■ EXERCISE PROMPT ■
Search the entries for the word "open" and report each line that has it.

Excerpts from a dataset

Content starts

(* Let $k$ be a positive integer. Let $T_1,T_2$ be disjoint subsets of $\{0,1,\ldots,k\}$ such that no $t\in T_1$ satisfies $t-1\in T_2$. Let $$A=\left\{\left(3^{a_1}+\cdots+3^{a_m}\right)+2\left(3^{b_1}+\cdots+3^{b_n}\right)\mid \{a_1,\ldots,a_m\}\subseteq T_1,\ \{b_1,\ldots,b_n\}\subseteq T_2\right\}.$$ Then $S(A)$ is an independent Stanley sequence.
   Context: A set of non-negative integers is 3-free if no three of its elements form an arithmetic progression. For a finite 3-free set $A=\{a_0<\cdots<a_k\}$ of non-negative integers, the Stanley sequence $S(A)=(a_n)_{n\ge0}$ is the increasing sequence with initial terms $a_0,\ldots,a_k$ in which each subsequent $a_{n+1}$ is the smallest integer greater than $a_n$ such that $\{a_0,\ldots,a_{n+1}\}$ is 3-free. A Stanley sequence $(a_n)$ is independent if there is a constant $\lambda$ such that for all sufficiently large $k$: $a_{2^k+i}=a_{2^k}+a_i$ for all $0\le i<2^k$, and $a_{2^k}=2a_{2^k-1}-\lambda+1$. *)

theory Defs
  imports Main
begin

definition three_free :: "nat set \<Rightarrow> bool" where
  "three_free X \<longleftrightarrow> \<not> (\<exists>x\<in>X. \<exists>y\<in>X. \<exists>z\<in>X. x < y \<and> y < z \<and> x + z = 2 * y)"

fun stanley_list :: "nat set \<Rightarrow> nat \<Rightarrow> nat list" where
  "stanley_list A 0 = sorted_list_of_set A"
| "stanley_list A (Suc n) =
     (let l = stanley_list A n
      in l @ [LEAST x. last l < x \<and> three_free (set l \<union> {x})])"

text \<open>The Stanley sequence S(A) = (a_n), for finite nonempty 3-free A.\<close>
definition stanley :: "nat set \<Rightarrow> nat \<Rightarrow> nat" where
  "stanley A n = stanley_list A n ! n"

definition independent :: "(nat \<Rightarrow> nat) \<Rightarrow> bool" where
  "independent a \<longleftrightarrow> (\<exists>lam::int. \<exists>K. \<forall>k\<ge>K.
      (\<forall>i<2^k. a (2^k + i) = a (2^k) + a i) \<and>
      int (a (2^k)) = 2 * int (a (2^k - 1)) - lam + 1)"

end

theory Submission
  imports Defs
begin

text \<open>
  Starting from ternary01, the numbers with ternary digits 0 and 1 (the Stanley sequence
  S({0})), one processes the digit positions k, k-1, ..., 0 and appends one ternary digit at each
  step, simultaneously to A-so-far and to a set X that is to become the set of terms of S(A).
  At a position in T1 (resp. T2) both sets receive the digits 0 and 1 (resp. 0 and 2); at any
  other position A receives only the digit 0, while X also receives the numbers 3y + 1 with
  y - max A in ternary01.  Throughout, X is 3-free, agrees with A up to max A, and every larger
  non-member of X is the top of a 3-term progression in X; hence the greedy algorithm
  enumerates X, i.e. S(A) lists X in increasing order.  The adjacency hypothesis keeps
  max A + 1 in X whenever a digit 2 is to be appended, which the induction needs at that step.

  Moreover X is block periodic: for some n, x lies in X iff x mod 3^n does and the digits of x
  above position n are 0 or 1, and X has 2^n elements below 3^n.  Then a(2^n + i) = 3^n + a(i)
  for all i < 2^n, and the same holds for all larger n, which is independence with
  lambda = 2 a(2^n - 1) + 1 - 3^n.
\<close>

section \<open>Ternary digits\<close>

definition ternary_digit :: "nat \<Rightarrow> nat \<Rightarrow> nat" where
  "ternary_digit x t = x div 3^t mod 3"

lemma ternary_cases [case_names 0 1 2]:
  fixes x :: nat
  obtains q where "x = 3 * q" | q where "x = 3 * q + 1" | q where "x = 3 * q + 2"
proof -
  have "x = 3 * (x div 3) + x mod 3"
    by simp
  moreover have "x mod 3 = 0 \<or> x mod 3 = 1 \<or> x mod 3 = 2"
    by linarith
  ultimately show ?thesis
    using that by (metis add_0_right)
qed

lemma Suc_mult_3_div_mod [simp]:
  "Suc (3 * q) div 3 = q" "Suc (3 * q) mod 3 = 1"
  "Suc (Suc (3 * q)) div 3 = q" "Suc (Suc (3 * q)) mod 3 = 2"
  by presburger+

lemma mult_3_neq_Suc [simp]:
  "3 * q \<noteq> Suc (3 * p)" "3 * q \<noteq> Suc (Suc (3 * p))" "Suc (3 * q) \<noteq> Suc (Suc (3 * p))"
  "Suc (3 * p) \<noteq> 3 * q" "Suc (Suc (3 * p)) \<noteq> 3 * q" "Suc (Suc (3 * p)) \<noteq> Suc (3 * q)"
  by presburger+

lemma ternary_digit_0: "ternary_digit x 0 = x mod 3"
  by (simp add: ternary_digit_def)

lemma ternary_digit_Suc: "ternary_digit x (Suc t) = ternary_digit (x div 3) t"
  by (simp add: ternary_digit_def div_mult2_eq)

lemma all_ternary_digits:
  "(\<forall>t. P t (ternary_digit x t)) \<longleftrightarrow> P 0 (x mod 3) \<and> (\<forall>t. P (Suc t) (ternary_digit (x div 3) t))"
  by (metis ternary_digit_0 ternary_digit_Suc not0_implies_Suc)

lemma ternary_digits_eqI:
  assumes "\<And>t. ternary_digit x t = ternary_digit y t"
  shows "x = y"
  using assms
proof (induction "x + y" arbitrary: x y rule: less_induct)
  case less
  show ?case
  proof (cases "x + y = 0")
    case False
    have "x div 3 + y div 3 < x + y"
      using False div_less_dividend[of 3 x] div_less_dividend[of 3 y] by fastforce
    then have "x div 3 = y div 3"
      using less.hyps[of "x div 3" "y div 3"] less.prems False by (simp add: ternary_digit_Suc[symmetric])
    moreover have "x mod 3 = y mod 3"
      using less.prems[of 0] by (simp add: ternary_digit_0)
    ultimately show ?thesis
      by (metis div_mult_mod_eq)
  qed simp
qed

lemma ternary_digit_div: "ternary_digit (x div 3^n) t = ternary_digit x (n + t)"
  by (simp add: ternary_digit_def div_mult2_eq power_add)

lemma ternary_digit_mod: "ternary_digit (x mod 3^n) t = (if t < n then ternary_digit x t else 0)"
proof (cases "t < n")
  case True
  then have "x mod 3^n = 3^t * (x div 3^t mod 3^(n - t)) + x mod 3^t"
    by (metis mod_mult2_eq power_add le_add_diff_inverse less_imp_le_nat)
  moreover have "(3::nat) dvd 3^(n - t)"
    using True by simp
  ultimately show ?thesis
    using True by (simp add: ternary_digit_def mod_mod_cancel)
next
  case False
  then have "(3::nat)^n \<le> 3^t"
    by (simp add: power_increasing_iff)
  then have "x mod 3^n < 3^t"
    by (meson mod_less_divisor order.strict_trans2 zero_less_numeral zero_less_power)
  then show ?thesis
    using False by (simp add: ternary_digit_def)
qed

Content ends
Content starts

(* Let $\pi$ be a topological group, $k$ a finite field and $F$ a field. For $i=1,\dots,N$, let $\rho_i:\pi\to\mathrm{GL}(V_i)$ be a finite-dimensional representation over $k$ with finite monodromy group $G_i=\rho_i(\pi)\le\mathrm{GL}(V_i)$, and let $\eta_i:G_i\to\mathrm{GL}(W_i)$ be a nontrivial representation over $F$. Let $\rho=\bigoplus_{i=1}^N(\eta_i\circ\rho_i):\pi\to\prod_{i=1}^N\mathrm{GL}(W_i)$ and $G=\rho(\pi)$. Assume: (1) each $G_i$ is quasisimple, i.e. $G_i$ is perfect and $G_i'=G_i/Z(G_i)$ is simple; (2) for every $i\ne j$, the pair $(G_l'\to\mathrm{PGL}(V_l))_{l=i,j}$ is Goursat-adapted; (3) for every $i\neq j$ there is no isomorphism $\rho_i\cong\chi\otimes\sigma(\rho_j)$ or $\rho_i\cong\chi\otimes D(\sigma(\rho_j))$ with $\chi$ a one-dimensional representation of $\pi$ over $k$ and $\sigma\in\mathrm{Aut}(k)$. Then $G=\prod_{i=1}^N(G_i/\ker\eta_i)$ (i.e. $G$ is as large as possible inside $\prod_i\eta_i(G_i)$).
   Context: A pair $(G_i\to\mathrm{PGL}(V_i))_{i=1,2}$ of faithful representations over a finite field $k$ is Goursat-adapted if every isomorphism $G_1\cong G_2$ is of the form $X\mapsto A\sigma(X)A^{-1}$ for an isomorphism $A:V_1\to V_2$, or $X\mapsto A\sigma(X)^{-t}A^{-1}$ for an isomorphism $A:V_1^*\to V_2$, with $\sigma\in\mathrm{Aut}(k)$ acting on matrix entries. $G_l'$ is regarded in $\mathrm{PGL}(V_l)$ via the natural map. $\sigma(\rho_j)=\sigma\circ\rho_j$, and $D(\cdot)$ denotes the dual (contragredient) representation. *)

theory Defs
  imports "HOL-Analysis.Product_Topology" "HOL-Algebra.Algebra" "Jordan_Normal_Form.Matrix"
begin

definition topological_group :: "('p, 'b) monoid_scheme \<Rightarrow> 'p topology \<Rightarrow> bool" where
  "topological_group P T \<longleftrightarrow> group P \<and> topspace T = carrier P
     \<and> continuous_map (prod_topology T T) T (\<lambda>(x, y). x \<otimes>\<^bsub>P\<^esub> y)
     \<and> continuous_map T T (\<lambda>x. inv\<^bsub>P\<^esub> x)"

Content ends
Content starts

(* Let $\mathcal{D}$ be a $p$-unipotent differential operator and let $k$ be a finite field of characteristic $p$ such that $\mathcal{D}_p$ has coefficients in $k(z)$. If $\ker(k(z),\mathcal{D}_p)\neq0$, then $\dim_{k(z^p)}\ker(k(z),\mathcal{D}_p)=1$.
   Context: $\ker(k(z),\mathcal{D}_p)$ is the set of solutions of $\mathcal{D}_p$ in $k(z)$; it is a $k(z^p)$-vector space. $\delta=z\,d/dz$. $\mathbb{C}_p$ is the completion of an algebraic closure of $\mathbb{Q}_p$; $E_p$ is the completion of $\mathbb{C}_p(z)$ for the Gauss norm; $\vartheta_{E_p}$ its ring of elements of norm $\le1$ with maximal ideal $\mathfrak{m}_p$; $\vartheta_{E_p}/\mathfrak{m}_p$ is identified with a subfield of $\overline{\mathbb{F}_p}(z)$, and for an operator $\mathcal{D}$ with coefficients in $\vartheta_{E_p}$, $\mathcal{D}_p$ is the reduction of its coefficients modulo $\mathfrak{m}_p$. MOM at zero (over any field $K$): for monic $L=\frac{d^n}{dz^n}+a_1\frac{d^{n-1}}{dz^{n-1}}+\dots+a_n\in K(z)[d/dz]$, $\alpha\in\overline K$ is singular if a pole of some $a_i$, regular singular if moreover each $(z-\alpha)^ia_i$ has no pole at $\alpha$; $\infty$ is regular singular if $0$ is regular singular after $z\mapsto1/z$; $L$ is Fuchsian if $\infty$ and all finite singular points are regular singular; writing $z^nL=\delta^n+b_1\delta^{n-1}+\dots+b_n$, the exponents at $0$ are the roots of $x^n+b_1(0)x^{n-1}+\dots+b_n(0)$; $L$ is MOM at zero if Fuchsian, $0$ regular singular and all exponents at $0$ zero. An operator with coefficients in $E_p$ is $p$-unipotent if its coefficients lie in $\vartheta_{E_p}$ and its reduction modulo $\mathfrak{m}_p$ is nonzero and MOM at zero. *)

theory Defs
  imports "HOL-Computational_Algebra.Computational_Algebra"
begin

Content ends

■ EXERCISE SOLUTION ■
text \<open>The Stanley sequence S(A) = (a_n), for finite nonempty 3-free A.\<close>
text \<open>
section \<open>Ternary digits\<close>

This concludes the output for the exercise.